In 2014, when Russia encouraged separatists in the Donbass region and the war broke out, Russians and Ukrainians accused each other of being Nazis. It wasn’t that unusual to see social media posts and news segments where World War II veterans encouraged their grandchildren to fight against Nazi invaders. Aside from the language and national signifiers, they sounded practically identical.
Now, as the long-simmering conflict erupted into a full-fledged war, the Nazi labels flew with renewed vigor. The Russian government quickly positioned the “special operation” as “denazification” of Ukraine, and as the attacks intensified, Ukrainians were quick to call Russians Nazis.
Of course, what’s different this time is the sheer scale and devastation of the attacks. When I saw photos of people huddled in Kyiv and Kharkiv subways to escape the bombings, I immediately thought of people hiding from Nazi bombings of Moscow. When I read about Mariupol getting encircled by the Russian army, its besieged residents huddled in the cold, it’s hard not to think about Grandma Nina talking about burning everything there was to burn in the house just to stay warm. When I see families fleeing west, I think of Grandpa Gena talking about how he was only 5 years old when his family tried, and failed, to outrun the Nazi advance.
“When the war started, my dad went off to serve, so it was just me, my mom, my older brother, Nikolay, and my younger sister Nina,” he told me. “I remember when we were trying to flee, my mom carried Nina in her arms, while I ran with her.”

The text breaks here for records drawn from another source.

(* In $\mathrm{OPT}_\tau$, every loop whose entry points lie on $C_{\tau+1}$ (the bottom cover-line of $S_\tau$) either exclusively covers a top segment, or is a cover-line loop. The analogous statement holds for loops with entry points on $C_\tau$ (with bottom segments in place of top segments).
   Context: Instance: vertical line segments in $\mathbb{R}^2$, each of length $1$, with pairwise distinct $x$-coordinates; the minimal bounding box has height $H>3$. A tour is a cyclic sequence of points, each on some segment, with each segment containing one of them; consecutive points are joined by straight legs; cost is total length. $\mathrm{OPT}$ is a fixed oriented minimum-cost tour with no two consecutive points on the same segment and not self-crossing. Cover-lines: horizontal lines $C_1,C_2,\dots$ (top to bottom) spaced $1$ apart, $C_1$ through the bottom tip of the top-most segment; a segment is covered by the top-most cover-line intersecting it. Strip $S_\tau$: closed region between $C_\tau$ and $C_{\tau+1}$; top segments of $S_\tau$: those intersecting $C_\tau$; bottom segments: those covered by $C_{\tau+1}$. $\mathrm{OPT}_\tau$: restriction of $\mathrm{OPT}$ to $S_\tau$ (points added where legs meet the cover-lines), a collection of subpaths each with two entry points on the cover-lines; a loop has both entry points on the same cover-line. A cover-line loop is a loop that enters $S_\tau$ at a point of a cover-line, travels along that cover-line and exits. A segment $s$ in $S_\tau$ is exclusively covered by a path $P$ of $\mathrm{OPT}_\tau$ if $P$ intersects $s$ and no other path of $\mathrm{OPT}_\tau$ intersects $s$. *)

theory Defs
  imports "HOL-Analysis.Analysis"
begin

type_synonym pt = "real \<times> real"

text \<open>A vertical segment of length 1 is represented by its bottom endpoint (x, y);
  it consists of the points (x, y + t) with 0 <= t <= 1.\<close>
definition seg :: "pt \<Rightarrow> pt set" where
  "seg s = {(fst s, snd s + t) | t. 0 \<le> t \<and> t \<le> 1}"

definition instance_ok :: "pt set \<Rightarrow> bool" where
  "instance_ok I \<longleftrightarrow> finite I \<and> I \<noteq> {} \<and> inj_on fst I"

definition height :: "pt set \<Rightarrow> real" where
  "height I = (Max (snd ` I) + 1) - Min (snd ` I)"

text \<open>y-coordinate of cover-line C_k (k >= 1); C_1 passes through the bottom tip
  of the top-most segment, consecutive cover-lines are spaced 1 apart.\<close>
definition cover_y :: "pt set \<Rightarrow> nat \<Rightarrow> real" where
  "cover_y I k = Max (snd ` I) - (real k - 1)"

definition cover_line :: "pt set \<Rightarrow> nat \<Rightarrow> pt set" where
  "cover_line I k = {p. snd p = cover_y I k}"

definition covered_by :: "pt set \<Rightarrow> pt \<Rightarrow> nat \<Rightarrow> bool" where
  "covered_by I s k \<longleftrightarrow> k \<ge> 1 \<and> seg s \<inter> cover_line I k \<noteq> {} \<and>
     (\<forall>j. 1 \<le> j \<and> j < k \<longrightarrow> seg s \<inter> cover_line I j = {})"

definition strip :: "pt set \<Rightarrow> nat \<Rightarrow> pt set" where
  "strip I \<tau> = {p. cover_y I (\<tau> + 1) \<le> snd p \<and> snd p \<le> cover_y I \<tau>}"

definition top_seg :: "pt set \<Rightarrow> nat \<Rightarrow> pt \<Rightarrow> bool" where
  "top_seg I \<tau> s \<longleftrightarrow> s \<in> I \<and> seg s \<inter> cover_line I \<tau> \<noteq> {}"

definition bottom_seg :: "pt set \<Rightarrow> nat \<Rightarrow> pt \<Rightarrow> bool" where
  "bottom_seg I \<tau> s \<longleftrightarrow> s \<in> I \<and> covered_by I s (\<tau> + 1)"

definition is_tour :: "pt set \<Rightarrow> pt list \<Rightarrow> bool" where
  "is_tour I ps \<longleftrightarrow> ps \<noteq> [] \<and> (\<forall>p\<in>set ps. \<exists>s\<in>I. p \<in> seg s) \<and>
     (\<forall>s\<in>I. \<exists>p\<in>set ps. p \<in> seg s)"

definition nxt :: "pt list \<Rightarrow> nat \<Rightarrow> pt" where
  "nxt ps i = ps ! ((i + 1) mod length ps)"

definition tour_cost :: "pt list \<Rightarrow> real" where
  "tour_cost ps = (\<Sum>i<length ps. dist (ps ! i) (nxt ps i))"

definition legs_cross :: "pt \<Rightarrow> pt \<Rightarrow> pt \<Rightarrow> pt \<Rightarrow> bool" where
  "legs_cross p q r s \<longleftrightarrow> (\<exists>z. closed_segment p q \<inter> closed_segment r s = {z} \<and>
      z \<noteq> p \<and> z \<noteq> q \<and> z \<noteq> r \<and> z \<noteq> s)"

definition is_OPT :: "pt set \<Rightarrow> pt list \<Rightarrow> bool" where
  "is_OPT I ps \<longleftrightarrow> is_tour I ps \<and> (\<forall>qs. is_tour I qs \<longrightarrow> tour_cost ps \<le> tour_cost qs) \<and>
     (\<forall>i<length ps. \<forall>s\<in>I. \<not> (ps ! i \<in> seg s \<and> nxt ps i \<in> seg s)) \<and>
     (\<forall>i<length ps. \<forall>j<length ps. i \<noteq> j \<longrightarrow>
        \<not> legs_cross (ps ! i) (nxt ps i) (ps ! j) (nxt ps j))"

text \<open>The closed polygonal curve of the tour, parametrised periodically with period
  length ps; on [i, i+1] it traverses the leg from ps!i to its successor.\<close>
definition tour_curve :: "pt list \<Rightarrow> real \<Rightarrow> pt" where
  "tour_curve ps t = (let n = real (length ps); u = t - n * of_int \<lfloor>t / n\<rfloor>;
      i = nat \<lfloor>u\<rfloor>; r = u - real i in (1 - r) *\<^sub>R (ps ! i) + r *\<^sub>R nxt ps i)"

I was taught to be careful about using the word “Nazi,” and I’m not going to stop now. But when one gets that kind of association … I know it makes at least some Russians pause. A couple of days ago, I saw a photo of a flier somebody put up in St. Petersburg. “A city that survived the Siege is against the war!” But so far there is also plenty of support, including from some of the people who were kids during World War II.
This war will end someday. Kyiv, which was shelled during World War II, will rise again, just like it did last time. And the scars of war will linger.
Maybe this time, the generations to come will not so easily lose sight of the toll the war takes.
Maybe this time, Russians won’t need a personal connection to understand the horror the war inflicts.